Chez le médecin-malade, les maux se révèlent par l’expérience, de l’intérieure et non plus seulement de l’extérieure. Le chiasme - médecin-malade - sous-tend des contradictions, une conflictualité que rencontre, de fait, le médecin-malade. Il (s’) observe des deux cotés en vivant l’expérience d’une interchangeabilité des places institutionnelles, d’un brouillage des positions, d’une complexification du soi. Par ce renversement des rôles, cette multiplicité des regards, le médecin-malade devient un entre-deux productif qui n’est pas seulement l’entre-les-deux-cotés mais un passage, conduisant à une tierce vision sur l’institution médicale.

Le médecin-malade - qui est non seulement une expérience de vie intime mais aussi une double relation (patient avec ses soignants mais aussi médecin avec ses patients – voir triple si l’on considère sa relation aux proches) - laisse entrevoir une réflexion éthique et politique. Si nous portons au médecin-malade un intérêt éthique mais aussi anthropologique et politique, c’est par le renversement qu’il produit, non seulement de par son inversion (sens, statut, position) mais aussi par la « conversion politique » qu’il engendre. Ce moment du « médecin-malade » permet de dévoiler où en est en la relation de soin et plus généralement les relations particulières entre les hommes. Tout se passe comme si le médecin-malade s’emparait de cet espace conflictuel, de ce trait d’union pour créer un mouvement, un agir autre.

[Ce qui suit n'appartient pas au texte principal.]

(* Let $(R,\mathfrak{m})$ be a commutative Artinian local ring with identity, $\mathfrak{m}\neq0$ and $\mathfrak{m}^2=0$. If $|R|>4$ (including the case $R$ infinite), then $L(x^6)=\{2,3,4,6\}$; if $|R|=4$, then $L(x^6)=\{2,4,6\}$.
   Context: A nonunit polynomial in $R[x]$ is irreducible if in any factorization into two polynomials one factor is a unit of $R[x]$. A positive integer $k$ is a length of $f$ if $f$ is a product of $k$ irreducible polynomials of $R[x]$; $L(f)$ denotes the set of lengths of $f$. *)

theory Defs
  imports "HOL-Computational_Algebra.Polynomial" "HOL-Computational_Algebra.Factorial_Ring"
begin

definition is_ideal :: "'a::comm_ring_1 set \<Rightarrow> bool" where
  "is_ideal I \<longleftrightarrow> 0 \<in> I \<and> (\<forall>a\<in>I. \<forall>b\<in>I. a + b \<in> I) \<and> (\<forall>r. \<forall>a\<in>I. r * a \<in> I)"

definition artinian_ring :: "'a::comm_ring_1 itself \<Rightarrow> bool" where
  "artinian_ring _ \<longleftrightarrow>
     (\<forall>f :: nat \<Rightarrow> 'a set. (\<forall>n. is_ideal (f n)) \<and> (\<forall>n. f (Suc n) \<subseteq> f n)
        \<longrightarrow> (\<exists>N. \<forall>n\<ge>N. f n = f N))"

(* The set of non-units; the ring is local iff this set is a proper ideal,
   in which case it is the unique maximal ideal. *)
definition nonunits :: "'a::comm_ring_1 set" where
  "nonunits = {a. \<not> a dvd 1}"

definition local_ring :: "'a::comm_ring_1 itself \<Rightarrow> bool" where
  "local_ring _ \<longleftrightarrow> (0::'a) \<noteq> 1 \<and> is_ideal (nonunits :: 'a set)"

definition lengths :: "'a::comm_ring_1 poly \<Rightarrow> nat set" where
  "lengths f = {k. k > 0 \<and> (\<exists>fs. length fs = k \<and> (\<forall>g\<in>set fs. irreducible g) \<and> prod_list fs = f)}"

end

theory Submission
  imports Defs
begin

text \<open>Write \<open>\<mm>\<close> for the maximal ideal. Modulo \<open>\<mm>\<close> every factor of \<open>x\<^sup>6\<close> is a unit multiple
  of a power \<open>x\<^sup>d\<close>, its residue degree, and the residue degrees of a factorization add up to 6.
  Because \<open>\<mm>\<^sup>2 = 0\<close>, a polynomial of residue degree 0 is a unit, an irreducible factor of residue
  degree at least 2 has a nonzero constant term, and \<open>x\<^sup>d + a\<close> with \<open>d \<ge> 1\<close> and \<open>0 \<noteq> a \<in> \<mm>\<close> is
  irreducible. A factor with nonzero constant term cannot have residue degree larger than all
  the other factors; this excludes the lengths 1 and 5 and forces residue degrees \<open>2, 2, 2\<close> in length 3.
  The factorizations \<open>(x\<^sup>3 + e)(x\<^sup>3 - e)\<close>, \<open>(x\<^sup>2 + e)(x\<^sup>2 - e) x x\<close>, \<open>x\<^sup>6\<close> and
  \<open>(x\<^sup>2 + a)(x\<^sup>2 + b)(x\<^sup>2 + c)\<close> with \<open>a + b + c = 0\<close> give the lengths; nonzero \<open>a, b, c \<in> \<mm>\<close>
  summing to 0 exist unless \<open>\<mm> = {0, e}\<close>, which happens exactly when \<open>|R| = 4\<close>, and then a
  comparison of \<open>x\<^sup>4\<close> coefficients rules out length 3.\<close>

lemma coeff_X_power: "coeff ([:0, 1:] ^ n :: 'a::comm_semiring_1 poly) k = (if k = n then 1 else 0)"
proof -
  have "[:0, 1:] ^ n = (monom 1 n :: 'a poly)" by (simp add: monom_altdef)
  then show ?thesis by (simp add: coeff_monom)
qed

lemma prod_list_remove1: "x \<in> set xs \<Longrightarrow> prod_list xs = x * prod_list (remove1 x xs)"
  for xs :: "'a::comm_monoid_mult list"
  by (induction xs) (auto simp: ac_simps)

lemma in_lengthsI:
  "prod_list fs = f \<Longrightarrow> \<forall>g\<in>set fs. irreducible g \<Longrightarrow> length fs = k \<Longrightarrow> 0 < k \<Longrightarrow> k \<in> lengths f"
  unfolding lengths_def by blast

lemma mult_shifts_eq_power:
  fixes x a b c :: "'a::comm_ring_1"
  shows "a + b = 0 \<Longrightarrow> a * b = 0 \<Longrightarrow> (x + a) * (x + b) = x ^ 2"
    and "a + b + c = 0 \<Longrightarrow> a * b = 0 \<Longrightarrow> a * c = 0 \<Longrightarrow> b * c = 0 \<Longrightarrow>
           (x + a) * (x + b) * (x + c) = x ^ 3"
proof -
  have "(x + a) * (x + b) = x ^ 2 + (a + b) * x + a * b"
    by (simp add: algebra_simps power2_eq_square)
  then show "a + b = 0 \<Longrightarrow> a * b = 0 \<Longrightarrow> (x + a) * (x + b) = x ^ 2" by simp
  have "(x + a) * (x + b) * (x + c) = x ^ 3 + (a + b + c) * x ^ 2 + (a * b + a * c + b * c) * x + a * b * c"
    by (simp add: algebra_simps power2_eq_square power3_eq_cube)
  then show "a + b + c = 0 \<Longrightarrow> a * b = 0 \<Longrightarrow> a * c = 0 \<Longrightarrow> b * c = 0 \<Longrightarrow>
      (x + a) * (x + b) * (x + c) = x ^ 3" by simp
qed

lemma length_le_sum_list_pos:
  fixes h :: "'a \<Rightarrow> nat"
  shows "\<forall>x\<in>set xs. 0 < h x \<Longrightarrow> length xs \<le> sum_list (map h xs)"
  by (induction xs) auto

lemma sum_list_ge_two_members:
  fixes h :: "'a \<Rightarrow> nat"
  assumes pos: "\<forall>x\<in>set xs. 0 < h x" and x: "x \<in> set xs" and y: "y \<in> set (remove1 x xs)"
  shows "h x + h y + (length xs - 2) \<le> sum_list (map h xs)"
proof -
  have "length (remove1 y (remove1 x xs)) \<le> sum_list (map h (remove1 y (remove1 x xs)))"
    using pos by (intro length_le_sum_list_pos) (meson notin_set_remove1)
  moreover have "length (remove1 y (remove1 x xs)) = length xs - 2"
    using x y by (simp add: length_remove1)
  ultimately show ?thesis
    using sum_list_map_remove1[OF x, of h] sum_list_map_remove1[OF y, of h] by simp
qed
(* Let $\epsilon\in\,]0,1[$. Let $\widetilde{X}:\lambda\to\square^{op}\mathbf{Set}$ be a transfinite tower (i.e. a colimit-preserving tower indexed by an ordinal $\lambda$) of precubical sets such that each map $\widetilde{X}_\nu\to \widetilde{X}_{\nu+1}$ is a pushout of the map of precubical sets $\partial\square[n_\nu]\subset \square[n_\nu]$ for some $n_\nu\geqslant 0$. Let $\nu$ be a limit ordinal with $\nu\leqslant \lambda$. Then the canonical continuous map \[ \Phi_\nu:\varinjlim_{\mu<\nu} \mathcal{P}^-(\widetilde{X}_\mu,\epsilon) \longrightarrow \mathcal{P}^-(\widetilde{X}_\nu,\epsilon) \] is a homeomorphism.
   Context: ${\mathbf{Top}}$ denotes the category of $\Delta$-generated spaces, with internal hom $\mathbf{TOP}(-,-)$. $\square^{op}\mathbf{Set}$ is the category of precubical sets, $\square[n]$ the $n$-cube and $\partial\square[n]$ its boundary (cubes of dimension $\leqslant n-1$). For a precubical set $K$, $|K|_{geom}$ is its geometric realization and each $n$-cube $c$ induces $|c|_{geom}:[0,1]^n\to|K|_{geom}$. The initial vertex of an $n$-cube $c$ is $c^-=\partial_1^0\cdots\partial_n^0c$, and $\mathcal{C}^-_\alpha(K)=\{c\in K\mid\dim(c)\geqslant1,\ c^-=\alpha\}$. For $n\geqslant1$, $N_n(\epsilon)$ is the set of natural directed paths $\phi:[0,\epsilon]\to[0,1]^n$ (non-decreasing in each coordinate, sum of coordinates equal to $t$ at time $t$), with the $\Delta$-kelleyfication of the relative topology from $\mathbf{TOP}([0,\epsilon],[0,1]^n)$. The homotopy branching space is $\mathcal{P}^-(K,\epsilon)=\coprod_{\alpha\in K_0}\mathcal{P}^-_\alpha(K,\epsilon)$ where $\mathcal{P}^-_\alpha(K,\epsilon)=\{|c|_{geom}\phi\mid c\in\mathcal{C}^-_\alpha(K),\ \phi\in N_{\dim(c)}(\epsilon)\}$ has the $\Delta$-kelleyfication of the relative topology from $\mathbf{TOP}([0,\epsilon],|K|_{geom})$. *)

theory Defs
  imports "HOL-Analysis.Analysis" "HOL-Homology.Homology"
begin
definition vars_clause :: "'v clause \<Rightarrow> 'v set" where
  "vars_clause C = lit_var ` C"

definition vars_cnf :: "'v cnf \<Rightarrow> 'v set" where
  "vars_cnf \<Gamma> = (\<Union>C\<in>set_mset \<Gamma>. vars_clause C)"

datatype 'v sval = F0 | T1 | L "'v lit"

type_synonym 'v subst = "'v \<Rightarrow> 'v sval"

fun sval_neg :: "'v sval \<Rightarrow> 'v sval" where
  "sval_neg F0 = T1" | "sval_neg T1 = F0" | "sval_neg (L l) = L (lit_neg l)"

fun subst_lit :: "'v subst \<Rightarrow> 'v lit \<Rightarrow> 'v sval" where
  "subst_lit \<sigma> (Pos x) = \<sigma> x"
| "subst_lit \<sigma> (Neg x) = sval_neg (\<sigma> x)"

definition is_partial_assignment :: "'v subst \<Rightarrow> bool" where
  "is_partial_assignment \<sigma> \<longleftrightarrow> (\<forall>x. \<sigma> x = F0 \<or> \<sigma> x = T1 \<or> \<sigma> x = L (Pos x))"

definition sdom :: "'v subst \<Rightarrow> 'v set" where
  "sdom \<sigma> = {x. \<sigma> x = F0 \<or> \<sigma> x = T1}"

definition neg_clause :: "'v clause \<Rightarrow> 'v subst" where
  "neg_clause C = (\<lambda>x. if Pos x \<in> C then F0 else if Neg x \<in> C then T1 else L (Pos x))"

text \<open>Restriction of a clause: \<open>None\<close> stands for the constant 1 (satisfied or
  tautological result); otherwise the literals mapped to 0 are removed.\<close>
definition restrict_clause :: "'v subst \<Rightarrow> 'v clause \<Rightarrow> 'v clause option" where
  "restrict_clause \<sigma> C =
     (if (\<exists>l\<in>C. subst_lit \<sigma> l = T1) then None
      else (let D = {m. \<exists>l\<in>C. subst_lit \<sigma> l = L m} in
            if tautology D then None else Some D))"

definition restrict_cnf :: "'v subst \<Rightarrow> 'v cnf \<Rightarrow> 'v cnf" where
  "restrict_cnf \<sigma> \<Gamma> =
     image_mset the (filter_mset (\<lambda>c. c \<noteq> None) (image_mset (restrict_clause \<sigma>) \<Gamma>))"

inductive up_refutes :: "'v cnf \<Rightarrow> bool" where
  empty: "{} \<in># F \<Longrightarrow> up_refutes F"
| unit: "{l} \<in># F \<Longrightarrow> up_refutes (restrict_cnf (neg_clause {lit_neg l}) F) \<Longrightarrow> up_refutes F"

definition up_implies :: "'v cnf \<Rightarrow> 'v clause \<Rightarrow> bool" where
  "up_implies \<Gamma> C \<longleftrightarrow> up_refutes (restrict_cnf (neg_clause C) \<Gamma>)"

definition up_implies_all :: "'v cnf \<Rightarrow> 'v cnf \<Rightarrow> bool" where
  "up_implies_all \<Gamma> \<Delta> \<longleftrightarrow> (\<forall>D\<in>#\<Delta>. up_implies \<Gamma> D)"

fun eval_lit :: "('v \<Rightarrow> bool) \<Rightarrow> 'v lit \<Rightarrow> bool" where
  "eval_lit \<alpha> (Pos x) = \<alpha> x" | "eval_lit \<alpha> (Neg x) = (\<not> \<alpha> x)"

fun eval_sval :: "('v \<Rightarrow> bool) \<Rightarrow> 'v sval \<Rightarrow> bool" where
  "eval_sval \<alpha> F0 = False" | "eval_sval \<alpha> T1 = True" | "eval_sval \<alpha> (L l) = eval_lit \<alpha> l"

definition comp_assign :: "('v \<Rightarrow> bool) \<Rightarrow> 'v subst \<Rightarrow> ('v \<Rightarrow> bool)" where
  "comp_assign \<tau> \<sigma> = (\<lambda>x. eval_sval \<tau> (\<sigma> x))"

definition extends :: "('v \<Rightarrow> bool) \<Rightarrow> 'v subst \<Rightarrow> bool" where
  "extends \<tau> \<sigma> \<longleftrightarrow> (\<forall>x. (\<sigma> x = T1 \<longrightarrow> \<tau> x) \<and> (\<sigma> x = F0 \<longrightarrow> \<not> \<tau> x))"

definition models :: "('v \<Rightarrow> bool) \<Rightarrow> 'v cnf \<Rightarrow> bool" where
  "models \<alpha> \<Gamma> \<longleftrightarrow> (\<forall>C\<in>#\<Gamma>. \<exists>l\<in>C. eval_lit \<alpha> l)"

definition cost :: "'v list \<Rightarrow> ('v \<Rightarrow> bool) \<Rightarrow> nat" where
  "cost bs \<alpha> = (\<Sum>b\<leftarrow>bs. if \<alpha> b then 1 else 0)"

definition instance_cost_is :: "'v list \<Rightarrow> 'v cnf \<Rightarrow> nat \<Rightarrow> bool" where
  "instance_cost_is bs \<Gamma> k \<longleftrightarrow>
     (\<exists>\<alpha>. models \<alpha> \<Gamma> \<and> cost bs \<alpha> = k) \<and> (\<forall>\<alpha>. models \<alpha> \<Gamma> \<longrightarrow> k \<le> cost bs \<alpha>)"

text \<open>MaxSAT instance encoded with blocking variables:
  \<open>\<Gamma> = H \<union> {C_1 \<or> b_1, \<dots>, C_m \<or> b_m}\<close> with distinct fresh \<open>b_i\<close>.\<close>
definition blocking_instance :: "'v cnf \<Rightarrow> ('v clause \<times> 'v) list \<Rightarrow> bool" where
  "blocking_instance H soft \<longleftrightarrow>
     (\<forall>C\<in>#H. finite C) \<and> (\<forall>(C, b)\<in>set soft. finite C) \<and>
     distinct (map snd soft) \<and>
     (\<forall>b\<in>set (map snd soft). b \<notin> vars_cnf H \<and> (\<forall>(C, b')\<in>set soft. b \<notin> vars_clause C))"

definition blocking_cnf :: "'v cnf \<Rightarrow> ('v clause \<times> 'v) list \<Rightarrow> 'v cnf" where
  "blocking_cnf H soft = H + mset (map (\<lambda>(C, b). insert (Pos b) C) soft)"

definition cost_LPR :: "'v list \<Rightarrow> 'v cnf \<Rightarrow> 'v clause \<Rightarrow> bool" where
  "cost_LPR bs \<Gamma> C \<longleftrightarrow> \<not> tautology C \<and>
     (\<exists>\<sigma>. is_partial_assignment \<sigma> \<and> sdom \<sigma> = sdom (neg_clause C) \<and>
          (\<exists>!x. \<sigma> x \<noteq> neg_clause C x) \<and>
          up_implies_all (restrict_cnf (neg_clause C) \<Gamma>) (restrict_cnf \<sigma> (\<Gamma> + {#C#})) \<and>
          (\<forall>\<tau>. extends \<tau> (neg_clause C) \<longrightarrow> cost bs (comp_assign \<tau> \<sigma>) \<le> cost bs \<tau>))"

definition cost_BC :: "'v list \<Rightarrow> 'v cnf \<Rightarrow> 'v clause \<Rightarrow> 'v lit \<Rightarrow> bool" where
  "cost_BC bs \<Gamma> E l \<longleftrightarrow> l \<in> E \<and>
     (\<forall>F\<in>#\<Gamma>. lit_neg l \<in> F \<longrightarrow> tautology ((E - {l}) \<union> (F - {lit_neg l}))) \<and>
     (\<forall>b\<in>set bs. l \<noteq> Pos b)"

definition deriv_step ::
  "('v cnf \<Rightarrow> 'v clause \<Rightarrow> bool) \<Rightarrow> 'v cnf \<Rightarrow> 'v clause list \<Rightarrow> 'v clause \<Rightarrow> bool" where
  "deriv_step red \<Gamma> prev D \<longleftrightarrow>
     D \<in># \<Gamma>
   \<or> (finite D \<and> (\<exists>A\<in>set prev. A \<subseteq> D))
   \<or> (\<exists>A B x. insert (Pos x) A \<in> set prev \<and> insert (Neg x) B \<in> set prev \<and> D = A \<union> B)
   \<or> (finite D \<and> red (\<Gamma> + mset prev) D \<and> vars_clause D \<subseteq> vars_cnf \<Gamma>)"

definition derivation ::
  "('v cnf \<Rightarrow> 'v clause \<Rightarrow> bool) \<Rightarrow> 'v cnf \<Rightarrow> 'v clause list \<Rightarrow> bool" where
  "derivation red \<Gamma> Ds \<longleftrightarrow> (\<forall>i<length Ds. deriv_step red \<Gamma> (take i Ds) (Ds ! i))"
(* Consider a market with $M$ consumers $\mathcal{M}=\{1,\dots,M\}$ and $N$ suppliers $\mathcal{N}=\{1,\dots,N\}$, constants $d_0>0$, $\kappa_0>0$ with $Md_0<N\kappa_0$. Assume: for each $i\in\mathcal{M}$, $U_i$ is concave, strictly increasing and continuously differentiable on $[d_0,\infty)$ with $U_i(d_0)=0$; for each $i\in\mathcal{N}$, $C_i:\mathbb{R}\to\mathbb{R}$ is convex, strictly increasing and continuously differentiable with $C_i(s)\ge0$ for $s\ge0$ and $C_i(s)=0$ for $s\le0$. Assume further that no supplier is pivotal: $\frac{(N-1)\kappa_0}{Md_0}>1$. Define the game $\mathcal{G}$ whose players are $\mathcal{M}\cup\mathcal{N}$; consumer $i$ chooses $\theta_d^i\ge0$ and supplier $i$ chooses $\theta_s^i\ge 0$. For a profile with $\sum_i\theta_d^i+\sum_i\theta_s^i>0$, the price is $p(\boldsymbol{\theta}_d,\boldsymbol{\theta}_s)=\frac{\sum_i\theta_d^i+\sum_i\theta_s^i}{N\kappa_0-Md_0}$ and the payoffs are $$\pi_d^i=U_i\!\left(d_0+\frac{\theta_d^i}{p}\right)-p\,d_0-\theta_d^i\ (i\in\mathcal{M}),\qquad \pi_s^i=p\,\kappa_0-\theta_s^i-C_i\!\left(\kappa_0-\frac{\theta_s^i}{p}\right)\ (i\in\mathcal{N}),$$ with $p=p(\boldsymbol{\theta}_d,\boldsymbol{\theta}_s)$; if all parameters are zero, by convention each consumer is allocated $d_0$, each supplier $\kappa_0$, and the price is $0$. Then $\mathcal{G}$ has a unique Nash equilibrium $(\tilde{\boldsymbol{\theta}}_d,\tilde{\boldsymbol{\theta}}_s)$. Moreover, writing $\tilde p=p(\tilde{\boldsymbol{\theta}}_d,\tilde{\boldsymbol{\theta}}_s)$, the allocation $\tilde d_i=d_0+\tilde\theta_d^i/\tilde p$ ($i\in\mathcal{M}$), $\tilde s_i=\kappa_0-\tilde\theta_s^i/\tilde p$ ($i\in\mathcal{N}$) is the unique solution of the convex program $$\max_{\mathbf{d},\mathbf{s}}\ \sum_{i=1}^M\tilde U_i(d_i)-\sum_{i=1}^N\tilde C_i(s_i)\quad\text{s.t.}\quad \sum_{i=1}^M d_i=\sum_{i=1}^N s_i,\ \ 0\le s_i\le\kappa_0\ (i\in\mathcal{N}),\ \ d_i\ge d_0\ (i\in\mathcal{M}),$$ where $$\tilde U_i(d_i)=\left(1-\frac{d_i}{N\kappa_0-(M-1)d_0}\right)U_i(d_i)+\frac{1}{N\kappa_0-(M-1)d_0}\int_{d_0}^{d_i}U_i(z)\,dz,$$ $$\tilde C_i(s_i)=\left(1+\frac{s_i}{(N-1)\kappa_0-Md_0}\right)C_i(s_i)-\frac{1}{(N-1)\kappa_0-Md_0}\int_0^{s_i}C_i(z)\,dz.$$
   Context: A Nash equilibrium is a profile $(\tilde{\boldsymbol{\theta}}_d,\tilde{\boldsymbol{\theta}}_s)$ of nonnegative parameters such that no consumer and no supplier can strictly increase its own payoff by unilaterally changing its own parameter to another nonnegative value. *)

theory Defs
  imports "HOL-Analysis.Analysis"
begin

text \<open>Consumers are indexed by {1..M}, suppliers by {1..N}. Bids are functions
  nat => real; only their values on the index sets matter.\<close>

definition total_bid :: "nat \<Rightarrow> nat \<Rightarrow> (nat \<Rightarrow> real) \<Rightarrow> (nat \<Rightarrow> real) \<Rightarrow> real" where
  "total_bid M N thd ths = (\<Sum>i\<in>{1..M}. thd i) + (\<Sum>i\<in>{1..N}. ths i)"

definition price :: "nat \<Rightarrow> nat \<Rightarrow> real \<Rightarrow> real \<Rightarrow> (nat \<Rightarrow> real) \<Rightarrow> (nat \<Rightarrow> real) \<Rightarrow> real" where
  "price M N d0 k0 thd ths =
     (if total_bid M N thd ths = 0 then 0
      else total_bid M N thd ths / (real N * k0 - real M * d0))"

definition demand_alloc :: "nat \<Rightarrow> nat \<Rightarrow> real \<Rightarrow> real \<Rightarrow> (nat \<Rightarrow> real) \<Rightarrow> (nat \<Rightarrow> real) \<Rightarrow> nat \<Rightarrow> real" where
  "demand_alloc M N d0 k0 thd ths i =
     (if total_bid M N thd ths = 0 then d0
      else d0 + thd i / price M N d0 k0 thd ths)"

definition supply_alloc :: "nat \<Rightarrow> nat \<Rightarrow> real \<Rightarrow> real \<Rightarrow> (nat \<Rightarrow> real) \<Rightarrow> (nat \<Rightarrow> real) \<Rightarrow> nat \<Rightarrow> real" where
  "supply_alloc M N d0 k0 thd ths i =
     (if total_bid M N thd ths = 0 then k0
      else k0 - ths i / price M N d0 k0 thd ths)"

definition payoff_d :: "nat \<Rightarrow> nat \<Rightarrow> real \<Rightarrow> real \<Rightarrow> (nat \<Rightarrow> real \<Rightarrow> real)
    \<Rightarrow> (nat \<Rightarrow> real) \<Rightarrow> (nat \<Rightarrow> real) \<Rightarrow> nat \<Rightarrow> real" where
  "payoff_d M N d0 k0 U thd ths i =
     U i (demand_alloc M N d0 k0 thd ths i) - price M N d0 k0 thd ths * d0 - thd i"

definition payoff_s :: "nat \<Rightarrow> nat \<Rightarrow> real \<Rightarrow> real \<Rightarrow> (nat \<Rightarrow> real \<Rightarrow> real)
    \<Rightarrow> (nat \<Rightarrow> real) \<Rightarrow> (nat \<Rightarrow> real) \<Rightarrow> nat \<Rightarrow> real" where
  "payoff_s M N d0 k0 C thd ths i =
     price M N d0 k0 thd ths * k0 - ths i - C i (supply_alloc M N d0 k0 thd ths i)"

definition is_nash :: "nat \<Rightarrow> nat \<Rightarrow> real \<Rightarrow> real \<Rightarrow> (nat \<Rightarrow> real \<Rightarrow> real) \<Rightarrow> (nat \<Rightarrow> real \<Rightarrow> real)
    \<Rightarrow> (nat \<Rightarrow> real) \<Rightarrow> (nat \<Rightarrow> real) \<Rightarrow> bool" where
  "is_nash M N d0 k0 U C thd ths \<longleftrightarrow>
     (\<forall>i\<in>{1..M}. thd i \<ge> 0) \<and> (\<forall>i\<in>{1..N}. ths i \<ge> 0) \<and>
     (\<forall>i\<in>{1..M}. \<forall>t\<ge>0. payoff_d M N d0 k0 U (thd(i := t)) ths i \<le> payoff_d M N d0 k0 U thd ths i) \<and>
     (\<forall>i\<in>{1..N}. \<forall>t\<ge>0. payoff_s M N d0 k0 C thd (ths(i := t)) i \<le> payoff_s M N d0 k0 C thd ths i)"

definition U_tilde :: "nat \<Rightarrow> nat \<Rightarrow> real \<Rightarrow> real \<Rightarrow> (real \<Rightarrow> real) \<Rightarrow> real \<Rightarrow> real" where
  "U_tilde M N d0 k0 u x =
     (1 - x / (real N * k0 - (real M - 1) * d0)) * u x
     + (1 / (real N * k0 - (real M - 1) * d0)) * integral {d0..x} u"

definition C_tilde :: "nat \<Rightarrow> nat \<Rightarrow> real \<Rightarrow> real \<Rightarrow> (real \<Rightarrow> real) \<Rightarrow> real \<Rightarrow> real" where
  "C_tilde M N d0 k0 c x =
     (1 + x / ((real N - 1) * k0 - real M * d0)) * c x
     - (1 / ((real N - 1) * k0 - real M * d0)) * integral {0..x} c"

definition feasible :: "nat \<Rightarrow> nat \<Rightarrow> real \<Rightarrow> real \<Rightarrow> (nat \<Rightarrow> real) \<Rightarrow> (nat \<Rightarrow> real) \<Rightarrow> bool" where
  "feasible M N d0 k0 d s \<longleftrightarrow>
     (\<Sum>i\<in>{1..M}. d i) = (\<Sum>i\<in>{1..N}. s i) \<and>
     (\<forall>i\<in>{1..N}. 0 \<le> s i \<and> s i \<le> k0) \<and> (\<forall>i\<in>{1..M}. d i \<ge> d0)"

definition welfare :: "nat \<Rightarrow> nat \<Rightarrow> real \<Rightarrow> real \<Rightarrow> (nat \<Rightarrow> real \<Rightarrow> real) \<Rightarrow> (nat \<Rightarrow> real \<Rightarrow> real)
    \<Rightarrow> (nat \<Rightarrow> real) \<Rightarrow> (nat \<Rightarrow> real) \<Rightarrow> real" where
  "welfare M N d0 k0 U C d s =
     (\<Sum>i\<in>{1..M}. U_tilde M N d0 k0 (U i) (d i)) - (\<Sum>i\<in>{1..N}. C_tilde M N d0 k0 (C i) (s i))"

definition unique_optimum :: "nat \<Rightarrow> nat \<Rightarrow> real \<Rightarrow> real \<Rightarrow> (nat \<Rightarrow> real \<Rightarrow> real) \<Rightarrow> (nat \<Rightarrow> real \<Rightarrow> real)
    \<Rightarrow> (nat \<Rightarrow> real) \<Rightarrow> (nat \<Rightarrow> real) \<Rightarrow> bool" where
  "unique_optimum M N d0 k0 U C d s \<longleftrightarrow>
     feasible M N d0 k0 d s \<and>
     (\<forall>d' s'. feasible M N d0 k0 d' s' \<longrightarrow> welfare M N d0 k0 U C d' s' \<le> welfare M N d0 k0 U C d s) \<and>
     (\<forall>d' s'. feasible M N d0 k0 d' s' \<and> welfare M N d0 k0 U C d' s' = welfare M N d0 k0 U C d s
        \<longrightarrow> (\<forall>i\<in>{1..M}. d' i = d i) \<and> (\<forall>i\<in>{1..N}. s' i = s i))"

La relation de soin, qui est à la fois relation professionnelle et pédagogique, institutionnelle et sociale, civique, éthique et politique se loge à la frontière entre relation intime et publique. Médecin-malade permet à la fois de penser la relation soignant-soigné mais plus largement la relation d’enseignement et de soin, en tant qu’elle est une relation éthique (responsabilité et réciprocité) mais aussi proprement politique en ce qu’il laisse émerger de par cette « voix différente » un ensemble de conflits et de contradictions, de perceptions et de contre perceptions et en stimulant ainsi un agir politique (entre création et transmission).